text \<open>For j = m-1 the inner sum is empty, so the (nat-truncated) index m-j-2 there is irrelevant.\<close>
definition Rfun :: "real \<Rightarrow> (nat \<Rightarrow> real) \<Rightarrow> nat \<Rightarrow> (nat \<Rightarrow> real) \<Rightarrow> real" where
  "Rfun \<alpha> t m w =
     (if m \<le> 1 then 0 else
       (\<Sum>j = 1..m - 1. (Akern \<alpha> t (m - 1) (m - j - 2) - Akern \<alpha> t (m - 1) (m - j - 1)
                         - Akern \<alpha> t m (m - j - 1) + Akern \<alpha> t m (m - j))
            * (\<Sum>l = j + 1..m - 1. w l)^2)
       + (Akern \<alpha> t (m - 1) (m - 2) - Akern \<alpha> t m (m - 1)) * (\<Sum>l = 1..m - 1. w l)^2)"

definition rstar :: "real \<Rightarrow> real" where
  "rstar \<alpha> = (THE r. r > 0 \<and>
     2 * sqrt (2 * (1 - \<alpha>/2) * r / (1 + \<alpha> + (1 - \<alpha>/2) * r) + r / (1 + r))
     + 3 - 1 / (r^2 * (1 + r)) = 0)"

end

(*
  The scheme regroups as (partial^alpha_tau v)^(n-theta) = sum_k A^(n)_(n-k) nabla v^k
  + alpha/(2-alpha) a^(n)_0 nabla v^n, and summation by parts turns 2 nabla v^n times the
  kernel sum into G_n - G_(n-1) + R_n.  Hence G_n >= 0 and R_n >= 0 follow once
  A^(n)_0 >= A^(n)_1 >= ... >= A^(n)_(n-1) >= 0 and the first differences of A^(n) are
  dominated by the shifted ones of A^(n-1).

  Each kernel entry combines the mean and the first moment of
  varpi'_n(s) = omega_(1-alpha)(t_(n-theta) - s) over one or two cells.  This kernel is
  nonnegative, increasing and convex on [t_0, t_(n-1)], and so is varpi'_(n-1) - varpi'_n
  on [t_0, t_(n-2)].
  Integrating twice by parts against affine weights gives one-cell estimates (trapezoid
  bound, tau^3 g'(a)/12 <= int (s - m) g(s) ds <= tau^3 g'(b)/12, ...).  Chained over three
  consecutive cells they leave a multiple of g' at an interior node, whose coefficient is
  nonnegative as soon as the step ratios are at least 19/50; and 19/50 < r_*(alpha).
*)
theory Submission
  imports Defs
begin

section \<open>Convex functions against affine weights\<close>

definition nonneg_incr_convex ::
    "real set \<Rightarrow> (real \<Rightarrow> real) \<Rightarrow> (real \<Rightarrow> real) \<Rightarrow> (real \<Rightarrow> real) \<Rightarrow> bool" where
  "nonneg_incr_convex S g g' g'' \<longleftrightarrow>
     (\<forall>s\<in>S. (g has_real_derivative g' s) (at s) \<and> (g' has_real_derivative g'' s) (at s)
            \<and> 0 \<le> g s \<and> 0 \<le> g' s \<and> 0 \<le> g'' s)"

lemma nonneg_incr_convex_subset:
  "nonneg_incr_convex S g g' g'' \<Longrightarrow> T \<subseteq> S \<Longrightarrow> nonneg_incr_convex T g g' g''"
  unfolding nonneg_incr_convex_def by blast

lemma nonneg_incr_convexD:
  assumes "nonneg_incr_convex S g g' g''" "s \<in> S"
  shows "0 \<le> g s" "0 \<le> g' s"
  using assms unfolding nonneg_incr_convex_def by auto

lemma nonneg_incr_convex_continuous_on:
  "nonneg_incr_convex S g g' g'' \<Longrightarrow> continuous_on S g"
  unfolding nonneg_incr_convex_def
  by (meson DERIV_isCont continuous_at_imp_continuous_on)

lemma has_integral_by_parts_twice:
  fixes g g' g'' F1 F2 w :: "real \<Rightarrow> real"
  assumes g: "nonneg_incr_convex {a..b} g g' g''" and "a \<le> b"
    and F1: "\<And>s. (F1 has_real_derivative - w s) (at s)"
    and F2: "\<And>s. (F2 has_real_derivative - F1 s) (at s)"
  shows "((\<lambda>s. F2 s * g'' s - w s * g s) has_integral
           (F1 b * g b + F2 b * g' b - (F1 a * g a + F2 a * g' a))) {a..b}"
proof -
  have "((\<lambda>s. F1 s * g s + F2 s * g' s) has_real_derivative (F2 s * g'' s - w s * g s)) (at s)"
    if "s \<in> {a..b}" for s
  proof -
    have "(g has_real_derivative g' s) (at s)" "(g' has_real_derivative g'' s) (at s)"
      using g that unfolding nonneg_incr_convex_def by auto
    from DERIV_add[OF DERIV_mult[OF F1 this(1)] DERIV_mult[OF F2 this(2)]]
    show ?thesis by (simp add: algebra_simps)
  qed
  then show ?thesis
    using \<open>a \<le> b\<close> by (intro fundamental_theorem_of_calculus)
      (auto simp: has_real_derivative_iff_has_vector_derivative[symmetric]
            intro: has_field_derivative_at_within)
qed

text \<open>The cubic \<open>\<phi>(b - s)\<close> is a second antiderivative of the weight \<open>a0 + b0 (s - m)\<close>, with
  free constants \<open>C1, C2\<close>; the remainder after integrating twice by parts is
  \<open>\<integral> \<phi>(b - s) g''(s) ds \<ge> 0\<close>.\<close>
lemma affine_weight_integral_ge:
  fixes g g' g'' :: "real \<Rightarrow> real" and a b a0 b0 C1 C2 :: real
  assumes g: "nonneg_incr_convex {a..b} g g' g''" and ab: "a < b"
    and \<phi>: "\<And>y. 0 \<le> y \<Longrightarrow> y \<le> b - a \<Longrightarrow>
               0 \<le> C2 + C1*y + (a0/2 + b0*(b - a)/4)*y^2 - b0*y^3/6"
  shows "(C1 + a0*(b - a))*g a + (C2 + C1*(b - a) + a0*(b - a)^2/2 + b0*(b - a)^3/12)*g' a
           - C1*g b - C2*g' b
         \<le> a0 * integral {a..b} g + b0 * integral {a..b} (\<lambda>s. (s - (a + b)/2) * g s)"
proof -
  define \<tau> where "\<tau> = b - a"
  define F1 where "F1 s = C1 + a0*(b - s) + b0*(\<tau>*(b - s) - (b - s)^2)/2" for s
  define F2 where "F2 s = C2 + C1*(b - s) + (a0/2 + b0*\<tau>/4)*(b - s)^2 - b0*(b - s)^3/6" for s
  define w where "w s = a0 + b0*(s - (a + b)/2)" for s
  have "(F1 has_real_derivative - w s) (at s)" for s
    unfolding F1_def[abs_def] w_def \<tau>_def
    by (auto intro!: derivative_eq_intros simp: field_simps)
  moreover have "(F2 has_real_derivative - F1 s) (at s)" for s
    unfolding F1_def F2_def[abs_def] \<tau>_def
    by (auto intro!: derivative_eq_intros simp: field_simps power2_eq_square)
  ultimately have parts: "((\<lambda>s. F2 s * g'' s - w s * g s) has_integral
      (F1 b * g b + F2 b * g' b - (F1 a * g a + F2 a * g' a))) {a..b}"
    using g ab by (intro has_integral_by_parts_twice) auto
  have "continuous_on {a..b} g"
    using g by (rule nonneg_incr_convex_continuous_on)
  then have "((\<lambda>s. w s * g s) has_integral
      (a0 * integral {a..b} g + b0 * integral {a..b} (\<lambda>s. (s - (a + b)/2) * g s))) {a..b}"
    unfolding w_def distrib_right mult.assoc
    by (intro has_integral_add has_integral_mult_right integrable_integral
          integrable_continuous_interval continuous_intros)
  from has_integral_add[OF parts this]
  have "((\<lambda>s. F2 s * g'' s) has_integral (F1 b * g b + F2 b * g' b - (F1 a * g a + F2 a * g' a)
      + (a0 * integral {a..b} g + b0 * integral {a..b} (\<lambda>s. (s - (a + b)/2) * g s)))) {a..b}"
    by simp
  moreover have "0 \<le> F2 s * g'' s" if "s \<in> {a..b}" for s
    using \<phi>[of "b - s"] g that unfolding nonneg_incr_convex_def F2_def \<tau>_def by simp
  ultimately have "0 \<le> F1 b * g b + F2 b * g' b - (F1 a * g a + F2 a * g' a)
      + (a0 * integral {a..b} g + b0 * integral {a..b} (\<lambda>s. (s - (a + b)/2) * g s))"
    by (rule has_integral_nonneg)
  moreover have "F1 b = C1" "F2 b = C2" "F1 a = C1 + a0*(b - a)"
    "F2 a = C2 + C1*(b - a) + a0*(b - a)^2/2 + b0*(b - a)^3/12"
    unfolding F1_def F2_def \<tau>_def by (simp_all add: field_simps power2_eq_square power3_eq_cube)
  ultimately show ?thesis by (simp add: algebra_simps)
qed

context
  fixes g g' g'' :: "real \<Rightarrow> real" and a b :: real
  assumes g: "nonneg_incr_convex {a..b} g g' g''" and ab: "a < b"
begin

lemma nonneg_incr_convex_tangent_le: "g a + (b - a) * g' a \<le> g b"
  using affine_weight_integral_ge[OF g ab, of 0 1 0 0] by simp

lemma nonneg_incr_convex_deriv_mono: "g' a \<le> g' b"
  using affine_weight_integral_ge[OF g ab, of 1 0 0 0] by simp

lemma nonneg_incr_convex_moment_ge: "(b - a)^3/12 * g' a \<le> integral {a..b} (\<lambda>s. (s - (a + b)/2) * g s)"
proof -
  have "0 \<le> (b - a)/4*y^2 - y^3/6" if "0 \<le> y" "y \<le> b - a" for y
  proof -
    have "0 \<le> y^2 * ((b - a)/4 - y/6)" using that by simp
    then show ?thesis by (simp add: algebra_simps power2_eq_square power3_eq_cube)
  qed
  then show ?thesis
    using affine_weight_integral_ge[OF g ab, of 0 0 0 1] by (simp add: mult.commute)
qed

*-*-*

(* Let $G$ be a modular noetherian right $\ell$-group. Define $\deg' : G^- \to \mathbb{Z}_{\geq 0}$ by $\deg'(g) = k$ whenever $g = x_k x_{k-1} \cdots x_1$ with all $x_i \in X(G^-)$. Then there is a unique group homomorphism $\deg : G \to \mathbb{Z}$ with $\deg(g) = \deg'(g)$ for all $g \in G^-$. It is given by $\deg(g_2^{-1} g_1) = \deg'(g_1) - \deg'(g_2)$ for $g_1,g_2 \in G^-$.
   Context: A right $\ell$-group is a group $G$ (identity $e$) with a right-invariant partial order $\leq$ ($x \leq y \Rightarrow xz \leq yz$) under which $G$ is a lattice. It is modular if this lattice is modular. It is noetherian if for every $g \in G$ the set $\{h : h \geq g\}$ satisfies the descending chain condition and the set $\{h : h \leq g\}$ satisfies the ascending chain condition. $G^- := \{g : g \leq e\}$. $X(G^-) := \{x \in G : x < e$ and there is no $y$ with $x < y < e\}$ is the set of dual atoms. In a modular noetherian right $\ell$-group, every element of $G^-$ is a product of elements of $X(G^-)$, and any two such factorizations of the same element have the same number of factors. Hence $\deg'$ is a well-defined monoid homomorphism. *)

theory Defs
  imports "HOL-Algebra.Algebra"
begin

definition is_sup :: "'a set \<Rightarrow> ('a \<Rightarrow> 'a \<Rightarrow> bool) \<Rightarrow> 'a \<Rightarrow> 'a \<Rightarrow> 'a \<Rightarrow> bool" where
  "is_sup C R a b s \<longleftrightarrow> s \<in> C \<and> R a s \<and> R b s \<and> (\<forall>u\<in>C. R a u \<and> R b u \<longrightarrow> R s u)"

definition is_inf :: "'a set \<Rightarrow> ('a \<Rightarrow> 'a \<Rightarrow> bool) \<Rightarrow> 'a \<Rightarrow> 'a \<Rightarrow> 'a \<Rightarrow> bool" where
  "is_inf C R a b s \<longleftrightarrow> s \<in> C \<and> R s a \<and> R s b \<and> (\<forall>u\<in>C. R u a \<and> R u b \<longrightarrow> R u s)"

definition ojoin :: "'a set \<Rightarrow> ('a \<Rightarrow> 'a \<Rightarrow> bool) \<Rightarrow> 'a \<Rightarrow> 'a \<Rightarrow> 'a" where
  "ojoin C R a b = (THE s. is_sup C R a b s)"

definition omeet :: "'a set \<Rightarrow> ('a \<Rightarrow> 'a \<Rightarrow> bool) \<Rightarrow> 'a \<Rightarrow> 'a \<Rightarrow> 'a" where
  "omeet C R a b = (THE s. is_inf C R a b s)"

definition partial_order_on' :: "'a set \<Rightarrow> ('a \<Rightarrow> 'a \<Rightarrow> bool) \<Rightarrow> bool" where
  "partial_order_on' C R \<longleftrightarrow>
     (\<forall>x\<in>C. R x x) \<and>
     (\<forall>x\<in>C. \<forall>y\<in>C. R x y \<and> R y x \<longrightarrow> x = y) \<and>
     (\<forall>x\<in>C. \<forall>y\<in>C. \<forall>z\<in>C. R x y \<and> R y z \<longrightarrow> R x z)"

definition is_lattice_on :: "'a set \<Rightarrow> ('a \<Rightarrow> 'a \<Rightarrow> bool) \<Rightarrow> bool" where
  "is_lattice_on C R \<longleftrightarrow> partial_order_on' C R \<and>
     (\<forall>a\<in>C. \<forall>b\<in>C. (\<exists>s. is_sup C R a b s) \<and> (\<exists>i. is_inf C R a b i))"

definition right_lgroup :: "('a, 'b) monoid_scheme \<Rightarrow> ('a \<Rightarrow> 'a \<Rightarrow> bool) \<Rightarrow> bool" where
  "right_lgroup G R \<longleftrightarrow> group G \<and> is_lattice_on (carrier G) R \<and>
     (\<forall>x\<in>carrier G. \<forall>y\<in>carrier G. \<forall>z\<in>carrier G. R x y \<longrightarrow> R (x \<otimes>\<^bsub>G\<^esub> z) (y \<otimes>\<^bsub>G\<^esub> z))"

*-*-*

*THE PROBLEM*. Which lines of the listing contain the string "ojoin"? Copy each of them.

*EXPECTED ANSWER*.
definition ojoin :: "'a set \<Rightarrow> ('a \<Rightarrow> 'a \<Rightarrow> bool) \<Rightarrow> 'a \<Rightarrow> 'a \<Rightarrow> 'a" where
  "ojoin C R a b = (THE s. is_sup C R a b s)"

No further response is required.